Task requirements: Lines from the top of the entries down to the line with "nat) \<Rightarrow> nat" must be set down exactly as they stand, with both ends retained.

Input data:

text \<open>The paper's action (g.h)_i = h_{sigma(g)(i)} uses the opposite composition convention in S_n;
  translated to the usual convention it reads (g.h)_i = h_{(sigma g)^{-1}(i)}.\<close>

definition perm_act :: "('g \<Rightarrow> nat \<Rightarrow> nat) \<Rightarrow> nat \<Rightarrow> 'g \<Rightarrow> (nat \<Rightarrow> 'h) \<Rightarrow> (nat \<Rightarrow> 'h)"
  where "perm_act \<sigma> n g a = (\<lambda>i\<in>{1..n}. a (inv_into UNIV (\<sigma> g) i))"

definition wreath ::
  "('h, 'm) monoid_scheme \<Rightarrow> ('g, 'k) monoid_scheme \<Rightarrow> nat \<Rightarrow> ('g \<Rightarrow> nat \<Rightarrow> nat)
    \<Rightarrow> ((nat \<Rightarrow> 'h) \<times> 'g) monoid"
  where "wreath H G n \<sigma> =
    \<lparr> carrier = (\<Pi>\<^sub>E i\<in>{1..n}. carrier H) \<times> carrier G,
      monoid.mult = (\<lambda>(a, g) (b, k).
                ((\<lambda>i\<in>{1..n}. a i \<otimes>\<^bsub>H\<^esub> perm_act \<sigma> n g b i), g \<otimes>\<^bsub>G\<^esub> k)),
      one = ((\<lambda>i\<in>{1..n}. \<one>\<^bsub>H\<^esub>), \<one>\<^bsub>G\<^esub>) \<rparr>"

definition wreath_base ::
  "('h, 'm) monoid_scheme \<Rightarrow> ('g, 'k) monoid_scheme \<Rightarrow> nat \<Rightarrow> ((nat \<Rightarrow> 'h) \<times> 'g) set"
  where "wreath_base H G n = (\<Pi>\<^sub>E i\<in>{1..n}. carrier H) \<times> {\<one>\<^bsub>G\<^esub>}"

definition twisted_conj :: "('a, 'b) monoid_scheme \<Rightarrow> ('a \<Rightarrow> 'a) \<Rightarrow> ('a \<times> 'a) set"
  where "twisted_conj K \<phi> = {(x, y). x \<in> carrier K \<and> y \<in> carrier K \<and>
           (\<exists>z\<in>carrier K. x = monoid.mult K (monoid.mult K z y) (m_inv K (\<phi> z)))}"

definition reidemeister_infinite :: "('a, 'b) monoid_scheme \<Rightarrow> ('a \<Rightarrow> 'a) \<Rightarrow> bool"
  where "reidemeister_infinite K \<phi> = infinite (carrier K // twisted_conj K \<phi>)"

definition R_infty :: "('a, 'b) monoid_scheme \<Rightarrow> bool"
  where "R_infty K = (\<forall>\<phi>\<in>iso K K. reidemeister_infinite K \<phi>)"

definition fin_gen_group :: "('a, 'b) monoid_scheme \<Rightarrow> bool"
  where "fin_gen_group K = (\<exists>S. finite S \<and> S \<subseteq> carrier K \<and> generate K S = carrier K)"

end

theory Submission
  imports Defs
begin

text \<open>The base group H^n is the kernel of the projection W \<rightarrow> G and is an abelian normal
  subgroup of W; by hypothesis it contains every abelian normal subgroup. Automorphisms map
  abelian normal subgroups to abelian normal subgroups, so H^n is characteristic. Hence an
  automorphism \<phi> of W induces an automorphism \<psi> of W/H^n \<cong> G, and the projection maps the
  \<phi>-twisted conjugacy classes onto the \<psi>-twisted ones, so R(\<phi>) \<ge> R(\<psi>) = \<infinity>.\<close>

lemma twisted_conj_class_image:
  assumes K: "group K" and G: "group G"
    and f: "f \<in> hom K G" and f_onto: "f ` carrier K = carrier G"
    and \<phi>: "\<phi> \<in> hom K K"
    and f\<phi>: "\<And>x. x \<in> carrier K \<Longrightarrow> f (\<phi> x) = \<psi> (f x)"
    and y: "y \<in> carrier K"
  shows "f ` (twisted_conj K \<phi> `` {y}) = twisted_conj G \<psi> `` {f y}"
proof
  interpret K: group K by (rule K)
  interpret G: group G by (rule G)
  interpret f: group_hom K G f using K G f by (simp add: group_hom_def group_hom_axioms_def)
  have \<phi>_closed: "z \<in> carrier K \<Longrightarrow> \<phi> z \<in> carrier K" for z using \<phi> by (simp add: hom_in_carrier)
  show "f ` (twisted_conj K \<phi> `` {y}) \<subseteq> twisted_conj G \<psi> `` {f y}"
  proof clarify
    fix x assume "(y, x) \<in> twisted_conj K \<phi>"
    then obtain z where x: "x \<in> carrier K" and z: "z \<in> carrier K"
      and yzx: "y = z \<otimes>\<^bsub>K\<^esub> x \<otimes>\<^bsub>K\<^esub> inv\<^bsub>K\<^esub> \<phi> z"
      by (auto simp: twisted_conj_def)
    have "f y = f z \<otimes>\<^bsub>G\<^esub> f x \<otimes>\<^bsub>G\<^esub> inv\<^bsub>G\<^esub> \<psi> (f z)"
      using x z \<phi>_closed[OF z] by (simp add: yzx f\<phi>[symmetric])
    then show "(f y, f x) \<in> twisted_conj G \<psi>"
      unfolding twisted_conj_def mem_Collect_eq case_prod_conv
      using x y z by (intro conjI bexI[of _ "f z"] f.hom_closed)
  qed
  show "twisted_conj G \<psi> `` {f y} \<subseteq> f ` (twisted_conj K \<phi> `` {y})"
  proof clarify
    fix g assume "(f y, g) \<in> twisted_conj G \<psi>"
    then obtain k where g: "g \<in> carrier G" and k: "k \<in> carrier G"
      and fy: "f y = k \<otimes>\<^bsub>G\<^esub> g \<otimes>\<^bsub>G\<^esub> inv\<^bsub>G\<^esub> \<psi> k"
      by (auto simp: twisted_conj_def)
    obtain z where z: "z \<in> carrier K" and fz: "f z = k" using k f_onto by (metis imageE)
    define x where "x = inv\<^bsub>K\<^esub> z \<otimes>\<^bsub>K\<^esub> y \<otimes>\<^bsub>K\<^esub> \<phi> z"
    have x: "x \<in> carrier K" using y z \<phi>_closed[OF z] by (simp add: x_def)
    have "x = inv\<^bsub>K\<^esub> z \<otimes>\<^bsub>K\<^esub> (y \<otimes>\<^bsub>K\<^esub> \<phi> z)"
      using y z \<phi>_closed[OF z] by (simp add: x_def K.m_assoc)
    then have "z \<otimes>\<^bsub>K\<^esub> x = y \<otimes>\<^bsub>K\<^esub> \<phi> z"
      using x y z \<phi>_closed[OF z] by (simp add: K.inv_solve_left)
    then have "y = z \<otimes>\<^bsub>K\<^esub> x \<otimes>\<^bsub>K\<^esub> inv\<^bsub>K\<^esub> \<phi> z"
      using x y z \<phi>_closed[OF z] by (simp add: K.inv_solve_right)
    then have "(y, x) \<in> twisted_conj K \<phi>" using x y z by (auto simp: twisted_conj_def)
    moreover have "f x = g"
    proof -
      have \<psi>k: "\<psi> k \<in> carrier G" using f\<phi>[OF z] f.hom_closed[OF \<phi>_closed[OF z]] by (simp add: fz)
      have "k \<otimes>\<^bsub>G\<^esub> g = f y \<otimes>\<^bsub>G\<^esub> \<psi> k"
        using fy g k \<psi>k by (simp add: G.m_assoc)
      moreover have "f x = inv\<^bsub>G\<^esub> k \<otimes>\<^bsub>G\<^esub> (f y \<otimes>\<^bsub>G\<^esub> \<psi> k)"
        using y z k \<psi>k \<phi>_closed[OF z] by (simp add: x_def fz f\<phi>[OF z] G.m_assoc)
      ultimately have "f x = inv\<^bsub>G\<^esub> k \<otimes>\<^bsub>G\<^esub> (k \<otimes>\<^bsub>G\<^esub> g)" by simp
      then show ?thesis using g k by (simp add: G.m_assoc[symmetric])
    qed
    ultimately show "g \<in> f ` (twisted_conj K \<phi> `` {y})" by blast
  qed
qed

lemma reidemeister_infinite_if_surj_hom:
  assumes K: "group K" and G: "group G"
    and f: "f \<in> hom K G" and f_onto: "f ` carrier K = carrier G"
    and \<phi>: "\<phi> \<in> hom K K"
    and f\<phi>: "\<And>x. x \<in> carrier K \<Longrightarrow> f (\<phi> x) = \<psi> (f x)"
    and R: "reidemeister_infinite G \<psi>"
  shows "reidemeister_infinite K \<phi>"
proof -
  have "carrier G // twisted_conj G \<psi> = (\<Union>y\<in>carrier K. {twisted_conj G \<psi> `` {f y}})"
    unfolding quotient_def f_onto[symmetric] by (simp add: image_image)
  also have "\<dots> = (\<Union>y\<in>carrier K. {f ` (twisted_conj K \<phi> `` {y})})"
    using twisted_conj_class_image[OF K G f f_onto \<phi> f\<phi>] by simp
  also have "\<dots> = (\<lambda>C. f ` C) ` (carrier K // twisted_conj K \<phi>)"
    by (auto simp: quotient_def)
  finally show ?thesis
    using R by (auto simp: reidemeister_infinite_def)
qed

lemma iso_if_intertwined_by_surj_hom:
  assumes K: "group K" and G: "group G"
    and f: "f \<in> hom K G" and f_onto: "f ` carrier K = carrier G"
    and \<phi>: "\<phi> \<in> iso K K" and ker: "\<phi> ` kernel K G f = kernel K G f"
    and f\<phi>: "\<And>x. x \<in> carrier K \<Longrightarrow> f (\<phi> x) = \<psi> (f x)"
  shows "\<psi> \<in> iso G G"
proof -
  interpret f: group_hom K G f using K G f by (simp add: group_hom_def group_hom_axioms_def)
  interpret \<phi>: group_hom K K \<phi> using K \<phi> by (simp add: group_hom_def group_hom_axioms_def iso_def)
  have \<psi>_closed: "\<psi> g \<in> carrier G" if "g \<in> carrier G" for g
  proof -
    from that obtain x where "x \<in> carrier K" "g = f x" by (metis f_onto imageE)
    then show ?thesis by (simp add: f\<phi>[symmetric])
  qed
  have \<psi>_hom: "\<psi> \<in> hom G G"
  proof (rule homI)
    fix g h assume "g \<in> carrier G" "h \<in> carrier G"
    then obtain x y where x: "x \<in> carrier K" "g = f x" and y: "y \<in> carrier K" "h = f y"
      using f_onto by (metis imageE)
    have "\<psi> (g \<otimes>\<^bsub>G\<^esub> h) = \<psi> (f (x \<otimes>\<^bsub>K\<^esub> y))" using x y by simp
    also have "\<dots> = f (\<phi> (x \<otimes>\<^bsub>K\<^esub> y))" using x y by (intro f\<phi>[symmetric]) simp
    also have "\<dots> = \<psi> g \<otimes>\<^bsub>G\<^esub> \<psi> h" using x y by (simp add: f\<phi>)
    finally show "\<psi> (g \<otimes>\<^bsub>G\<^esub> h) = \<psi> g \<otimes>\<^bsub>G\<^esub> \<psi> h" .
  qed (rule \<psi>_closed)
  moreover have "inj_on \<psi> (carrier G)"
    unfolding inj_on_one_iff'[OF \<psi>_hom G G]
  proof (intro allI impI)
    fix g assume g: "g \<in> carrier G" "\<psi> g = \<one>\<^bsub>G\<^esub>"
    obtain x where x: "x \<in> carrier K" "g = f x" using g(1) f_onto by (metis imageE)
    then have "\<phi> x \<in> kernel K G f" using g(2) by (simp add: kernel_def f\<phi>)
    then obtain x' where x': "x' \<in> kernel K G f" "\<phi> x = \<phi> x'" using ker by (metis imageE)
    then have "x = x'" using x(1) \<phi> by (auto simp: kernel_def iso_def bij_betw_def dest: inj_onD)
    then show "g = \<one>\<^bsub>G\<^esub>" using x x' by (simp add: kernel_def)
  qed
  moreover have "carrier G \<subseteq> \<psi> ` carrier G"
  proof
    fix g assume "g \<in> carrier G"
    then obtain x where x: "x \<in> carrier K" "g = f (\<phi> x)"
      using f_onto \<phi> by (metis imageE iso_iff)
    then show "g \<in> \<psi> ` carrier G" by (simp add: f\<phi>)
  qed
  ultimately show ?thesis using \<psi>_closed by (auto simp: iso_iff)
qed

lemma induced_iso_if_kernel_invariant:
  assumes K: "group K" and G: "group G"
    and f: "f \<in> hom K G" and f_onto: "f ` carrier K = carrier G"
    and \<phi>: "\<phi> \<in> iso K K" and ker: "\<phi> ` kernel K G f = kernel K G f"
  obtains \<psi> where "\<psi> \<in> iso G G" and "\<And>x. x \<in> carrier K \<Longrightarrow> f (\<phi> x) = \<psi> (f x)"
proof -
  interpret G: group G by (rule G)
  interpret f: group_hom K G f using K G f by (simp add: group_hom_def group_hom_axioms_def)
  interpret \<phi>: group_hom K K \<phi> using K \<phi> by (simp add: group_hom_def group_hom_axioms_def iso_def)
  have f_eq_iff: "f x = f y \<longleftrightarrow> inv\<^bsub>K\<^esub> x \<otimes>\<^bsub>K\<^esub> y \<in> kernel K G f"
    if "x \<in> carrier K" "y \<in> carrier K" for x y
    using that by (auto simp: kernel_def G.inv_solve_left')
  \<comment> \<open>Any preimage will do: two preimages differ by a kernel element, and \<phi> preserves the kernel.\<close>
  define \<psi> where "\<psi> g = f (\<phi> (inv_into (carrier K) f g))" for g
  have f\<phi>: "f (\<phi> x) = \<psi> (f x)" if x: "x \<in> carrier K" for x
  proof -
    define x' where "x' = inv_into (carrier K) f (f x)"
    have x': "x' \<in> carrier K" "f x' = f x"
      using x by (auto simp: x'_def inv_into_into f_inv_into_f)
    then have "inv\<^bsub>K\<^esub> x' \<otimes>\<^bsub>K\<^esub> x \<in> kernel K G f" using x f_eq_iff by blast
    then have "\<phi> (inv\<^bsub>K\<^esub> x' \<otimes>\<^bsub>K\<^esub> x) \<in> kernel K G f" using ker by blast
    then have "f (\<phi> x') = f (\<phi> x)" using x x' f_eq_iff by simp
    then show ?thesis by (simp add: \<psi>_def x'_def)
  qed
  then show ?thesis
    using that iso_if_intertwined_by_surj_hom[OF K G f f_onto \<phi> ker] by blast
qed

lemma R_infty_if_characteristic_kernel:
  assumes K: "group K" and G: "group G"
    and f: "f \<in> hom K G" and f_onto: "f ` carrier K = carrier G"
    and char: "\<And>\<phi>. \<phi> \<in> iso K K \<Longrightarrow> \<phi> ` kernel K G f \<subseteq> kernel K G f"
    and R: "R_infty G"
  shows "R_infty K"
  unfolding R_infty_def
proof
  fix \<phi> assume \<phi>: "\<phi> \<in> iso K K"
  have "kernel K G f \<subseteq> \<phi> ` kernel K G f"
  proof
    fix x assume x: "x \<in> kernel K G f"
    have \<phi>': "inv_into (carrier K) \<phi> \<in> iso K K" using \<phi> by (rule group.iso_set_sym[OF K])
    have "x = \<phi> (inv_into (carrier K) \<phi> x)"
      using x \<phi> by (simp add: kernel_def iso_def bij_betw_def f_inv_into_f)
    moreover have "inv_into (carrier K) \<phi> x \<in> kernel K G f" using char[OF \<phi>'] x by blast
    ultimately show "x \<in> \<phi> ` kernel K G f" by (rule image_eqI)
  qed
  with char[OF \<phi>] have "\<phi> ` kernel K G f = kernel K G f" by (rule subset_antisym)
  then obtain \<psi> where \<psi>: "\<psi> \<in> iso G G" and f\<phi>: "\<And>x. x \<in> carrier K \<Longrightarrow> f (\<phi> x) = \<psi> (f x)"
    using induced_iso_if_kernel_invariant[OF K G f f_onto \<phi>] by blast
  have "\<phi> \<in> hom K K" using \<phi> by (simp add: iso_def)
  moreover have "reidemeister_infinite G \<psi>" using R \<psi> by (simp add: R_infty_def)
  ultimately show "reidemeister_infinite K \<phi>"
    using reidemeister_infinite_if_surj_hom[OF K G f f_onto] f\<phi> by blast
qed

Expected output:
text \<open>The paper's action (g.h)_i = h_{sigma(g)(i)} uses the opposite composition convention in S_n;
  translated to the usual convention it reads (g.h)_i = h_{(sigma g)^{-1}(i)}.\<close>

definition perm_act :: "('g \<Rightarrow> nat \<Rightarrow> nat) \<Rightarrow> nat \<Rightarrow> 'g \<Rightarrow> (nat \<Rightarrow> 'h) \<Rightarrow> (nat \<Rightarrow> 'h)"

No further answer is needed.